§ **WHAT IS EXPECTED**:
Scan the entries that follow and give only the number of lines containing "have".

___ RECORD EXTRACTS

definition J_right :: "real \<Rightarrow> real \<Rightarrow> ennreal" where
  "J_right x \<xi> = (\<integral>\<^sup>+z. ennreal (indicator {x<..\<xi>} z * (hxz x z ^ 2 / fp x z)) \<partial>lborel)"

lemma J_left_measurable:
  assumes x: "x \<in> S"
  shows "J_left x \<in> borel_measurable borel"
proof -
  note [measurable] = C1_meas[OF x] hxz_measurable[OF x]
  have "(\<lambda>(\<xi>, z). ennreal (indicator {\<xi>..<x} z * (hxz x z ^ 2 / fm x z))) \<in> borel_measurable (borel \<Otimes>\<^sub>M borel)"
    unfolding indicator_def atLeastLessThan_iff by measurable
  then have "(\<lambda>(\<xi>, z). ennreal (indicator {\<xi>..<x} z * (hxz x z ^ 2 / fm x z))) \<in> borel_measurable (borel \<Otimes>\<^sub>M lborel)"
    by (simp add: measurable_cong_sets[OF sets_pair_measure_cong[OF refl sets_lborel] refl])
  then show ?thesis
    unfolding J_left_def[abs_def] by (rule lborel.borel_measurable_nn_integral)
qed

lemma J_right_measurable:
  assumes x: "x \<in> S"
  shows "J_right x \<in> borel_measurable borel"
proof -
  note [measurable] = C2_meas[OF x] hxz_measurable[OF x]
  have "(\<lambda>(\<xi>, z). ennreal (indicator {x<..\<xi>} z * (hxz x z ^ 2 / fp x z))) \<in> borel_measurable (borel \<Otimes>\<^sub>M borel)"
    unfolding indicator_def greaterThanAtMost_iff by measurable
  then have "(\<lambda>(\<xi>, z). ennreal (indicator {x<..\<xi>} z * (hxz x z ^ 2 / fp x z))) \<in> borel_measurable (borel \<Otimes>\<^sub>M lborel)"
    by (simp add: measurable_cong_sets[OF sets_pair_measure_cong[OF refl sets_lborel] refl])
  then show ?thesis
    unfolding J_right_def[abs_def] by (rule lborel.borel_measurable_nn_integral)
qed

______

§ **REPLY TO THE TASK**:
4